Марина Цветаева. Воздух трагедии - страница 49
«Иждивенческий костюм» – купленный на стипендию, выплачиваемую в Чехии, как мы говорили выше, бывшим солдатам и офицерам Белой армии, ставшим здесь студентами. Другого костюма на нее не купишь. Такой мягкий, мирный, немного грустный «диккенсовский» юмор… В воспоминаниях Ариадны Эфрон семейному чтению Диккенса посвящены лирические страницы. Можно представить, как весело вспоминали они дома после спектакля разные забавные подробности. Это была атмосфера тонкого, доброго юмора, сближающего душевно родных людей, умеющих и так называемые недостатки друг друга воспринимать весело и артистично.

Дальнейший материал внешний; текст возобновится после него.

lemma util_opt_alloc:
  assumes "\<omega> \<in> space M" and "t \<in> {1..T}"
  shows "util t (opt_alloc z v t \<omega> / disc r t) = 1 / \<alpha> t * (1 - exp (- level z v t \<omega>))"
  unfolding util_def marginal_opt_alloc[OF assms] ..

lemma integrable_util_admissible:
  assumes "Y \<in> adm M \<tau> T r W" and "t \<in> {1..T}"
  shows "integrable M (\<lambda>\<omega>. util t (Y t \<omega> / disc r t))"
proof -
  obtain C where C: "AE \<omega> in M. \<bar>Y t \<omega> / disc r t\<bar> \<le> C"
    using admissible_discounted_AE_bounded[OF assms] .
  have [measurable]: "Y t \<in> borel_measurable M"
    using admissible_measurable[OF assms] .
  show ?thesis
  proof (rule integrable_const_bound)
    show "AE \<omega> in M. norm (util t (Y t \<omega> / disc r t)) \<le> (1 / \<alpha> t) * (1 + exp (\<alpha> t * C))"
      using C
    proof eventually_elim
      case (elim \<omega>)
      show ?case
        unfolding util_def real_norm_def by (rule exp_utility_abs_le[OF \<alpha>_pos[OF assms(2)] elim])
    qed
  qed (simp add: util_def)
qed

lemma EU_opt_alloc:
  "EU M T r util (opt_alloc z v) = (\<Sum>t=1..T. 1 / \<alpha> t) * (1 - exp (- \<beta> 1 * (v - ln (h z 0))))"
proof -
  have "(\<integral>\<omega>. util t (opt_alloc z v t \<omega> / disc r t) \<partial>M) = 1 / \<alpha> t * (1 - exp (- \<beta> 1 * (v - ln (h z 0))))"
    if t: "t \<in> {1..T}" for t
  proof -
    have "(\<integral>\<omega>. util t (opt_alloc z v t \<omega> / disc r t) \<partial>M) = (\<integral>\<omega>. 1 / \<alpha> t * (1 - exp (- level z v t \<omega>)) \<partial>M)"
      by (rule Bochner_Integration.integral_cong[OF refl util_opt_alloc[OF _ t]])
    also have "\<dots> = 1 / \<alpha> t * (1 - (\<integral>\<omega>. exp (- level z v t \<omega>) \<partial>M))"
      using t by (simp add: prob_space)
    also have "(\<integral>\<omega>. exp (- level z v t \<omega>) \<partial>M) = (\<integral>\<omega>. exp (- level z v T \<omega>) \<partial>M)"
      using integral_marginal_eq_terminal[OF t, of "\<lambda>_. 1" 1 1] by simp
    finally show ?thesis
      by (simp only: integral_terminal_marginal)
  qed
  then show ?thesis
    unfolding EU_def by (simp add: sum_distrib_right)
qed

section \<open>Optimality\<close>

lemma discounted_diff_AE_bounded:
  assumes "Y \<in> adm M \<tau> T r W" and "t \<in> {1..T}"
  obtains C where "AE \<omega> in M. \<bar>Y t \<omega> / disc r t - opt_alloc z v t \<omega> / disc r t\<bar> \<le> C"
proof -
  obtain C1 C2 where "AE \<omega> in M. \<bar>Y t \<omega> / disc r t\<bar> \<le> C1"
    and "AE \<omega> in M. \<bar>opt_alloc z v t \<omega> / disc r t\<bar> \<le> C2"
    using admissible_discounted_AE_bounded[OF assms] opt_alloc_admissible
      admissible_discounted_AE_bounded[OF _ assms(2)] by metis
  then have "AE \<omega> in M. \<bar>Y t \<omega> / disc r t - opt_alloc z v t \<omega> / disc r t\<bar> \<le> C1 + C2"
    by eventually_elim linarith
  then show ?thesis by (rule that)
qed

lemma integrable_marginal_times_diff:
  assumes "Y \<in> adm M \<tau> T r W" and "t \<in> {1..T}" and "s \<in> {1..T}"
  shows "integrable M (\<lambda>\<omega>. exp (- level z v s \<omega>) * (Y t \<omega> / disc r t - opt_alloc z v t \<omega> / disc r t))"
proof -
  obtain C where "AE \<omega> in M. \<bar>Y t \<omega> / disc r t - opt_alloc z v t \<omega> / disc r t\<bar> \<le> C"
    using discounted_diff_AE_bounded[OF assms(1,2)] .
  moreover have "Y t \<in> borel_measurable M" "opt_alloc z v t \<in> borel_measurable M"
    using admissible_measurable[OF _ assms(2)] assms(1) opt_alloc_admissible by blast+
  ultimately show ?thesis
    using assms(3) by (intro integrable_marginal_times) auto
qed

definition tangent_gap :: "(nat \<Rightarrow> 'a \<Rightarrow> real) \<Rightarrow> (nat \<Rightarrow> real) \<Rightarrow> real \<Rightarrow> nat \<Rightarrow> 'a \<Rightarrow> real" where
  "tangent_gap Y z v t \<omega> = util t (Y t \<omega> / disc r t) - util t (opt_alloc z v t \<omega> / disc r t)
     - exp (- level z v t \<omega>) * (Y t \<omega> / disc r t - opt_alloc z v t \<omega> / disc r t)"

lemma tangent_gap_nonpos:
  assumes "\<omega> \<in> space M" and "t \<in> {1..T}"
  shows "tangent_gap Y z v t \<omega> \<le> 0"
  using exp_utility_below_tangent[OF \<alpha>_pos[OF assms(2)],
      where x = "opt_alloc z v t \<omega> / disc r t" and y = "Y t \<omega> / disc r t"]
  unfolding tangent_gap_def util_def marginal_opt_alloc[OF assms, symmetric] by linarith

«Рассказы Марины и Эфрона даже о событиях, в которых я сама принимала участие, были так талантливы, что я смеясь, замечала: „Не знала, что это было так интересно“» – так вспоминает архитектор Екатерина Рейтлингер-Кист («В Чехии»). «Катя Р.» – это имя часто встречается в цветаевских письмах той поры. Она была близким другом их семьи и пылкой поклонницей цветаевской поэзии, много помогала Марине: сопровождала ее, плохо ориентировавшуюся, по городу во время редких приездов из пригорода в Прагу, нянчилась с маленьким Муром.
При всем горестном глубинном осознании-переживании, прорывавшемся в цветаевской лирике, где, по ее словам, «ничего не скрыть», – что «никаких земель не открыть вдвоем», на поверхности живой жизни внутренний диалог Марины и Сергея еще долго полнокровно продолжается. Они вместе увлеченно принимают участие в делах Пражского Союза русских писателей.

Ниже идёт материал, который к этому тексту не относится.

(* Let $w$ be a metric on a finite set $V$ with $|V|\ge 3$, $T$ a minimum spanning tree of $G_w$, and $T'$ any subtree of $T$. Then $\mathsf{TSP}(w)\ge 2\cdot w(T')-2\cdot\mathsf{adv}^*(T')$.
   Context: $G_w$ is the complete graph on $V$ with edge weights $w$; $w(E')=\sum_{e\in E'}w(e)$ and $w(T')=w(E(T'))$. $\mathsf{TSP}(w)$ is the minimum weight of a Hamiltonian cycle in $G_w$. For a pair $e=(u,v)$, $P^T_e$ is the $u$–$v$ path in $T$; $f\in E(T)$ is covered by $e$ iff $f\in E(P^T_e)$; $\mathsf{cov}(E')$ is the set of edges of $T$ covered by some pair of $E'$; for a subtree $T'$, $\mathsf{cov}(E',T')=\mathsf{cov}(E')\cap E(T')$ and $\mathsf{adv}(E',T')=w(\mathsf{cov}(E',T'))-w(E')$. A vertex $x$ is special in $T'$ iff $\deg_{T'}(x)\ne 2$. $\mathsf{adv}^*(T')$ is the maximum of $\mathsf{adv}(E',T')$ over all sets $E'$ of pairs each having at least one endpoint that is a special vertex of $T'$. *)

theory Defs
  imports Complex_Main
begin

definition is_metric :: "'a set \<Rightarrow> ('a \<Rightarrow> 'a \<Rightarrow> real) \<Rightarrow> bool" where
  "is_metric V w \<longleftrightarrow>
     (\<forall>x\<in>V. \<forall>y\<in>V. w x y \<ge> 0 \<and> w x y = w y x \<and> (w x y = 0 \<longleftrightarrow> x = y)) \<and>
     (\<forall>x\<in>V. \<forall>y\<in>V. \<forall>z\<in>V. w x z \<le> w x y + w y z)"

definition pairs :: "'a set \<Rightarrow> 'a set set" where
  "pairs V = {{u, v} | u v. u \<in> V \<and> v \<in> V \<and> u \<noteq> v}"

Марина, ждущая сына, – она была уверена, что будет именно сын, – не могла часто ездить из пригорода в Прагу, и Сергей передавал соредакторам готовящегося тогда сборника произведений русских литераторов, живущих в Чехии, («Ковчег») ее письма и отредактированные ею тексты.
Валентин Федорович Булгаков – литератор, мемуарист, последний секретарь Льва Толстого в Ясной Поляне, работал в Праге библиотекарем и в Союзе русских писателей, – оставил полные уважения и нежности воспоминания о том периоде их жизни. Никто из друзей и знакомых Марины Цветаевой и Сергея Эфрона – ни в Чехии, ни во Франции – не сказал так бережно об их любви:
«Супруги любили друг друга, жили общими интересами, были неразрывны, – и таким образом Марина Ивановна невольно „вводила“ своего мужа во всякое общество, в каком принимали ее, а ее принимали охотно и с почетом во всяком обществе. Наше знакомство началось с того, что М.И. Цветаева была избрана вместе со мною и проф. Завадским в состав редакционного комитета задуманного Союзом русских зарубежных писателей литературного сборника. Поэтому, приступив к своей работе в Союзе в качестве его председателя, я сталкивался столько же с ее мужем, членом правления, как и с нею самой, так что и говорить о них обоих мне удобнее и сподручнее совместно. Должен сказать, что я очень с этой парой подружился. Молодость ли обоих Эфронов, или их литературное развитие, или вольный, смелый полет их мысли, еще не связанной по рукам и ногам принадлежностью к какому-нибудь ограничившемуся в самом себе, как в крепости, мировоззрению меня привлекали, – тогда я не задумывался об этом. Но мне с Эфроном и Цветаевой всегда было хорошо, весело, интересно и свободно. Гений Марины (как называл свою жену Сергей Яковлевич) блистал не только в стихах, но и в беседе и в личном общении с людьми. ‹…›. В совместной работе – общественной с Эфроном, и литературной – с Мариной Ивановной, мы понимали друг друга с полуслова. Может быть, понемногу преклонение мое перед Мариной Ивановной как выдающейся поэтессой и блестяще образованной, острого, мужского ума женщиной (Сафо! Жорж Санд! София Ковалевская!) окрасилось и восполнилось изнутри, незаметно и незнаемо для меня самого, примесью чувства более нежного, более личного, более интимного – не могу отрицать. Но если и так, то не могло быть привязанности более духовной, более целомудренной, более любовно-бескорыстной, чем эта привязанность моя к необыкновенной женщине. Не знаю, чувствовала ли она ее. Может быть, нет. Но не ошибусь, если скажу, что муж поэтессы внутренне ценил мое отношение к ней, тем более что среди русской пражской грубо-бесцеремонной и „праздно болтающей“ толпы ему – если не прямо, то косвенно – приходилось то и дело встречаться с нелепыми, предубежденными, поверхностными или завистливо-недоброжелательными отзывами о его жене – писательнице. Они говорили между собой на „вы“: „вы – Сережа“, „вы – Марина“.